The cry fell on deaf ears as he felt his body burst, his life force draining from his limbs, as he fell forward to the ground. He tried his best to cling for life, praying for an end to the agony. His breaths became raspy has he sought to take deeper breaths. Maybe if he could just force himself to breathe he could live! He could survive this.

The men standing round him merely laughed and one finally leant down, putting a pistol to his head. "Please, don't kill me," he begged, tears running down His face. The man smiled and lowered his gun, so when the shot came from behind, shattering his skull, it took him by complete surprise but only for a moment. His eyes crossed, he found himself unable to think, unable to breathe, his head was on fire, and his breath left him on an exhale he was no longer conscious of nor unable to stop as his head went limp and hit the ground.

Instantly he found himself standing before Himself, reflected as it were, in a mirror. "It was bad this time," Adonai said to the injured avatar standing before him.

"Yeah . . . really bad. It always is, you know?"

"I know."

"How are the others?"

"As well as We can be, but you know that; you can talk to them, too."

The other avatars were speaking to God and each other individually and collectively. They were all suddenly, instantly, One; even as they always were, their sense of individuality obliterated yet ever-present.

He conversed with Himself and himself to hear and share the experience He'd had within.

"We can spare no one," the Chorus said in unison, "not even Ourself," the Silence finished.

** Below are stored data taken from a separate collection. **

(* Consider a round of the triadic majority rule process among participants $x,y,z$ (nodes of a median graph) in which the initial current winner is $x$, the initial proposer is $y$, and all three participants follow truthful bargaining. Then the round ends with winner $\hat w = m(x,y,z)$.
   Context: $G$ is a finite connected unweighted undirected median graph: with shortest-path distance $d$ and $I_{ab}=\{w:d(a,w)+d(w,b)=d(a,b)\}$, $\lvert I_{ab}\cap I_{ac}\cap I_{bc}\rvert=1$ for all $a,b,c$, and $m(a,b,c)$ is that node. Triadic majority rule round: there is a current winner and a proposer. In each step the proposer proposes a node $a$ or a motion to end; all three vote simultaneously to accept or reject. If an alternative is accepted by majority it becomes the current winner. If the vote is unanimous the proposer stays; otherwise the participant in the minority becomes proposer. If a motion to end is accepted by majority the round ends, its winner being the current winner. Truthful bargaining: with current winner $w$, the preferred points of $u$ are $P_u=I_{uw}\setminus\{w\}$, its bargaining points are $B_u=(P_u\cap P_{u'})\cup(P_u\cap P_{u''})$ ($u',u''$ the other two), a best bargaining point is a point of $B_u$ closest to $u$. The participant proposes a best bargaining point if $B_u\neq\emptyset$ and a motion to end otherwise; accepts an alternative $a$ iff $d(u,a)<d(u,w)$; accepts a motion to end iff $B_u=\emptyset$; ties broken arbitrarily. *)

theory Defs
  imports Main
begin

fun walk :: "('a \<Rightarrow> 'a \<Rightarrow> bool) \<Rightarrow> 'a list \<Rightarrow> bool" where
  "walk E [] = False"
| "walk E [v] = True"
| "walk E (a # b # xs) = (E a b \<and> walk E (b # xs))"

definition gdist :: "('a \<Rightarrow> 'a \<Rightarrow> bool) \<Rightarrow> 'a \<Rightarrow> 'a \<Rightarrow> nat" where
  "gdist E a b = (LEAST n. \<exists>xs. walk E xs \<and> hd xs = a \<and> last xs = b \<and> length xs = Suc n)"

definition interval :: "'a set \<Rightarrow> ('a \<Rightarrow> 'a \<Rightarrow> bool) \<Rightarrow> 'a \<Rightarrow> 'a \<Rightarrow> 'a set" where
  "interval V E a b = {w \<in> V. gdist E a w + gdist E w b = gdist E a b}"

definition median_graph :: "'a set \<Rightarrow> ('a \<Rightarrow> 'a \<Rightarrow> bool) \<Rightarrow> bool" where
  "median_graph V E \<longleftrightarrow>
     finite V \<and> V \<noteq> {} \<and>
     (\<forall>a b. E a b \<longrightarrow> a \<in> V \<and> b \<in> V) \<and>
     (\<forall>a b. E a b \<longrightarrow> E b a) \<and>
     (\<forall>a. \<not> E a a) \<and>
     (\<forall>a\<in>V. \<forall>b\<in>V. \<exists>xs. walk E xs \<and> hd xs = a \<and> last xs = b) \<and>
     (\<forall>a\<in>V. \<forall>b\<in>V. \<forall>c\<in>V.
        card (interval V E a b \<inter> interval V E a c \<inter> interval V E b c) = 1)"

definition median :: "'a set \<Rightarrow> ('a \<Rightarrow> 'a \<Rightarrow> bool) \<Rightarrow> 'a \<Rightarrow> 'a \<Rightarrow> 'a \<Rightarrow> 'a" where
  "median V E a b c = (THE w. w \<in> interval V E a b \<inter> interval V E a c \<inter> interval V E b c)"

text \<open>The three participants (distinct agents; their nodes may coincide).\<close>
datatype agent = X | Y | Z

definition loc :: "'a \<Rightarrow> 'a \<Rightarrow> 'a \<Rightarrow> agent \<Rightarrow> 'a" where
  "loc x y z u = (case u of X \<Rightarrow> x | Y \<Rightarrow> y | Z \<Rightarrow> z)"

definition pref :: "'a set \<Rightarrow> ('a \<Rightarrow> 'a \<Rightarrow> bool) \<Rightarrow> (agent \<Rightarrow> 'a) \<Rightarrow> agent \<Rightarrow> 'a \<Rightarrow> 'a set" where
  "pref V E pos u w = interval V E (pos u) w - {w}"

definition barg :: "'a set \<Rightarrow> ('a \<Rightarrow> 'a \<Rightarrow> bool) \<Rightarrow> (agent \<Rightarrow> 'a) \<Rightarrow> agent \<Rightarrow> 'a \<Rightarrow> 'a set" where
  "barg V E pos u w = (\<Union>v \<in> UNIV - {u}. pref V E pos u w \<inter> pref V E pos v w)"

definition best_barg :: "'a set \<Rightarrow> ('a \<Rightarrow> 'a \<Rightarrow> bool) \<Rightarrow> (agent \<Rightarrow> 'a) \<Rightarrow> agent \<Rightarrow> 'a \<Rightarrow> 'a \<Rightarrow> bool" where
  "best_barg V E pos u w a \<longleftrightarrow> a \<in> barg V E pos u w \<and>
     (\<forall>b \<in> barg V E pos u w. gdist E (pos u) a \<le> gdist E (pos u) b)"

text \<open>Outcome of a simultaneous vote: whether the majority accepted, and the next proposer
  (the proposer stays if unanimous, otherwise the unique participant in the minority).\<close>
definition majority :: "(agent \<Rightarrow> bool) \<Rightarrow> bool" where
  "majority acc \<longleftrightarrow> 2 \<le> card {u. acc u}"

definition next_proposer :: "(agent \<Rightarrow> bool) \<Rightarrow> agent \<Rightarrow> agent" where
  "next_proposer acc p =
     (if (\<forall>u v. acc u = acc v) then p else (THE u. acc u \<noteq> majority acc))"

text \<open>State of a round: (current winner, proposer).  One step leads either to a new state
  (Inl) or ends the round with a winner (Inr).  Non-determinism models arbitrary tie-breaking
  among best bargaining points.\<close>
definition tmr_step :: "'a set \<Rightarrow> ('a \<Rightarrow> 'a \<Rightarrow> bool) \<Rightarrow> (agent \<Rightarrow> 'a) \<Rightarrow>
    'a \<times> agent \<Rightarrow> ('a \<times> agent + 'a) set" where
  "tmr_step V E pos s =
     (case s of (w, p) \<Rightarrow>
       if barg V E pos p w \<noteq> {} then
         {Inl (if majority acc then a else w, next_proposer acc p) | a acc.
            best_barg V E pos p w a \<and>
            acc = (\<lambda>u. gdist E (pos u) a < gdist E (pos u) w)}
       else
         (let acc = (\<lambda>u. barg V E pos u w = {}) in
           if majority acc then {Inr w} else {Inl (w, next_proposer acc p)}))"

definition tmr_cont :: "'a set \<Rightarrow> ('a \<Rightarrow> 'a \<Rightarrow> bool) \<Rightarrow> (agent \<Rightarrow> 'a) \<Rightarrow>
    'a \<times> agent \<Rightarrow> 'a \<times> agent \<Rightarrow> bool" where
  "tmr_cont V E pos s s' \<longleftrightarrow> Inl s' \<in> tmr_step V E pos s"

end

theory Submission
  imports Defs
begin

text \<open>Starting from winner x, every bargaining point of the proposer y is a common
  preferred point of y and z, i.e. lies in I(x,y) \<inter> I(x,z) - {x}.  In a median graph this set
  is contained in the interval from x to the median m, so m is the unique bargaining point closest
  to y; it is proposed and accepted by y and z, which are both strictly closer to it.  At the
  median the preferred points of any two participants meet only in m, so no one has a bargaining
  point, the motion to end passes unanimously and the winner is m.\<close>

lemma walk_not_Nil: "walk E xs \<Longrightarrow> xs \<noteq> []"
  by (cases xs) auto

lemma walk_append: "walk E xs \<Longrightarrow> walk E (last xs # ys) \<Longrightarrow> walk E (xs @ ys)"
  by (induction E xs rule: walk.induct) auto

lemma walk_rev: "(\<And>a b. E a b \<Longrightarrow> E b a) \<Longrightarrow> walk E xs \<Longrightarrow> walk E (rev xs)"
proof (induction E xs rule: walk.induct)
  case (3 E a b xs)
  then have "walk E (rev (b # xs) @ [a])"
    by (intro walk_append) simp_all
  then show ?case by simp
qed auto

lemma gdist_less_length:
  assumes "walk E xs" and "hd xs = a" and "last xs = b"
  shows "gdist E a b < length xs"
proof -
  obtain n where n: "length xs = Suc n"
    using walk_not_Nil[OF assms(1)] by (cases xs) auto
  then have "gdist E a b \<le> n"
    unfolding gdist_def by (intro Least_le) (use assms in blast)
  then show ?thesis
    using n by simp
qed

lemma gdist_self [simp]: "gdist E a a = 0"
  using gdist_less_length[of E "[a]" a a] by simp

locale connected_graph =
  fixes V :: "'a set" and E :: "'a \<Rightarrow> 'a \<Rightarrow> bool"
  assumes edge_sym: "E a b \<Longrightarrow> E b a"
    and walk_exists: "a \<in> V \<Longrightarrow> b \<in> V \<Longrightarrow> \<exists>xs. walk E xs \<and> hd xs = a \<and> last xs = b"
begin

lemma shortest_walk_exists:
  assumes "a \<in> V" and "b \<in> V"
  shows "\<exists>xs. walk E xs \<and> hd xs = a \<and> last xs = b \<and> length xs = Suc (gdist E a b)"
proof -
  obtain xs where xs: "walk E xs" "hd xs = a" "last xs = b"
    using walk_exists[OF assms] by blast
  then have "length xs = Suc (length xs - 1)"
    using walk_not_Nil by fastforce
  then have "\<exists>n xs. walk E xs \<and> hd xs = a \<and> last xs = b \<and> length xs = Suc n"
    using xs by blast
  then show ?thesis
    unfolding gdist_def by (rule LeastI_ex)
qed

lemma gdist_eq_0_iff:
  assumes "a \<in> V" and "b \<in> V"
  shows "gdist E a b = 0 \<longleftrightarrow> a = b"
proof
  assume "gdist E a b = 0"
  then obtain xs where "walk E xs" "hd xs = a" "last xs = b" "length xs = 1"
    using shortest_walk_exists[OF assms] by auto
  then show "a = b"
    by (cases xs) auto
qed simp

lemma gdist_commute:
  assumes "a \<in> V" and "b \<in> V"
  shows "gdist E a b = gdist E b a"
proof -
  have le: "gdist E a b \<le> gdist E b a" if ab: "a \<in> V" "b \<in> V" for a b
  proof -
    obtain xs where xs: "walk E xs" "hd xs = b" "last xs = a" "length xs = Suc (gdist E b a)"
      using shortest_walk_exists[OF ab(2,1)] by blast
    have "walk E (rev xs)"
      using walk_rev[OF edge_sym xs(1)] .
    moreover have "hd (rev xs) = a" and "last (rev xs) = b"
      using xs walk_not_Nil by (auto simp: hd_rev last_rev)
    ultimately show ?thesis
      using gdist_less_length[of E "rev xs" a b] xs(4) by simp
  qed
  show ?thesis
    using le[OF assms] le[OF assms(2,1)] by simp
qed

lemma gdist_triangle:
  assumes "a \<in> V" and "b \<in> V" and "c \<in> V"
  shows "gdist E a c \<le> gdist E a b + gdist E b c"
proof -
  obtain xs where xs: "walk E xs" "hd xs = a" "last xs = b" "length xs = Suc (gdist E a b)"
    using shortest_walk_exists[OF assms(1,2)] by blast
  obtain ys where ys: "walk E (b # ys)" "last (b # ys) = c" "length ys = gdist E b c"
    using shortest_walk_exists[OF assms(2,3)] by (metis length_Suc_conv list.sel(1))
  have "walk E (xs @ ys)"
    using walk_append[of E xs ys] xs ys by simp
  moreover have "hd (xs @ ys) = a" and "last (xs @ ys) = c"
    using xs ys walk_not_Nil[OF xs(1)] by auto
  ultimately show ?thesis
    using gdist_less_length[of E "xs @ ys" a c] xs(4) ys(3) by simp
qed

lemma interval_commute:
  assumes "a \<in> V" and "b \<in> V"
  shows "interval V E a b = interval V E b a"
  unfolding interval_def using assms by (auto simp: gdist_commute)

lemma interval_self: "a \<in> V \<Longrightarrow> interval V E a a = {a}"
  unfolding interval_def by (auto simp: gdist_eq_0_iff)

lemma left_mem_interval: "a \<in> V \<Longrightarrow> a \<in> interval V E a b"
  unfolding interval_def by simp

lemma interval_trans:
  assumes "a \<in> V" and "b \<in> V" and "m \<in> interval V E a b" and "c \<in> interval V E m b"
  shows "c \<in> interval V E a b \<and> gdist E a c = gdist E a m + gdist E m c"
proof -
  have "m \<in> V" and "c \<in> V"
    using assms(3,4) unfolding interval_def by auto
  then have "gdist E a c \<le> gdist E a m + gdist E m c" and "gdist E a b \<le> gdist E a c + gdist E c b"
    using assms(1,2) by (auto intro: gdist_triangle)
  then show ?thesis
    using assms(3,4) \<open>c \<in> V\<close> unfolding interval_def by auto
qed

end

locale median_structure = connected_graph +
  assumes median_unique: "a \<in> V \<Longrightarrow> b \<in> V \<Longrightarrow> c \<in> V \<Longrightarrow>
    card (interval V E a b \<inter> interval V E a c \<inter> interval V E b c) = 1"
begin

lemma intervals_inter_eq_median:
  assumes "a \<in> V" and "b \<in> V" and "c \<in> V"
  shows "interval V E a b \<inter> interval V E a c \<inter> interval V E b c = {median V E a b c}"
proof -
  obtain t where t: "interval V E a b \<inter> interval V E a c \<inter> interval V E b c = {t}"
    using median_unique[OF assms] by (rule card_1_singletonE)
  then have "median V E a b c = t"
    unfolding median_def by simp
  then show ?thesis
    using t by simp
qed

lemma interval_inter_subset_interval_median:
  assumes "x \<in> V" and "y \<in> V" and "z \<in> V"
  shows "interval V E x y \<inter> interval V E x z \<subseteq> interval V E x (median V E x y z)"
proof
  fix a assume a: "a \<in> interval V E x y \<inter> interval V E x z"
  then have "a \<in> V"
    unfolding interval_def by simp
  txt \<open>The median of a, y, z is forced to be the median of x, y, z, and it lies beyond a
    as seen from x.\<close>
  define m' where "m' = median V E a y z"
  have m': "m' \<in> interval V E a y" "m' \<in> interval V E a z" "m' \<in> interval V E y z"
    using intervals_inter_eq_median[OF \<open>a \<in> V\<close> assms(2,3)] unfolding m'_def by auto
  have "m' \<in> interval V E x y \<and> gdist E x m' = gdist E x a + gdist E a m'"
    using interval_trans[OF assms(1,2) _ m'(1)] a by blast
  moreover have "m' \<in> interval V E x z"
    using interval_trans[OF assms(1,3) _ m'(2)] a by blast
  ultimately have "m' = median V E x y z" and "gdist E x m' = gdist E x a + gdist E a m'"
    using intervals_inter_eq_median[OF assms] m'(3) by auto
  with m'(1) \<open>a \<in> V\<close> show "a \<in> interval V E x (median V E x y z)"
    unfolding interval_def by auto
qed

lemma interval_inter_at_between:
  assumes "p \<in> V" and "q \<in> V" and "m \<in> interval V E p q"
  shows "interval V E p m \<inter> interval V E q m = {m}"
proof -
  have "m \<in> V"
    using assms(3) unfolding interval_def by simp
  have "median V E m p q = m"
    using intervals_inter_eq_median[OF \<open>m \<in> V\<close> assms(1,2)] assms(3)
      left_mem_interval[OF \<open>m \<in> V\<close>, of p] left_mem_interval[OF \<open>m \<in> V\<close>, of q]
    by (metis IntI singletonD)
  then have "interval V E m p \<inter> interval V E m q \<subseteq> {m}"
    using interval_inter_subset_interval_median[OF \<open>m \<in> V\<close> assms(1,2)] interval_self[OF \<open>m \<in> V\<close>]
    by simp
  moreover have "m \<in> interval V E p m" "m \<in> interval V E q m"
    using interval_commute left_mem_interval \<open>m \<in> V\<close> assms(1,2) by auto
  ultimately show ?thesis
    using interval_commute[OF assms(1) \<open>m \<in> V\<close>] interval_commute[OF assms(2) \<open>m \<in> V\<close>] by auto
qed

At those words, He became himself again: no longer the frightened, meek god, but God, the force to be reckoned with. He was Two and One again. He was a sacrifice made unto Himself.

He went down again, to a place where the dawn was just breaking, and there he landed, choosing to forget he was a god, choosing to forget his memories. He lost foresight and his ability to see time all at once—yet he was still God, the All Knowing. He embraced His contradiction—His being both and neither, and His landing was soft.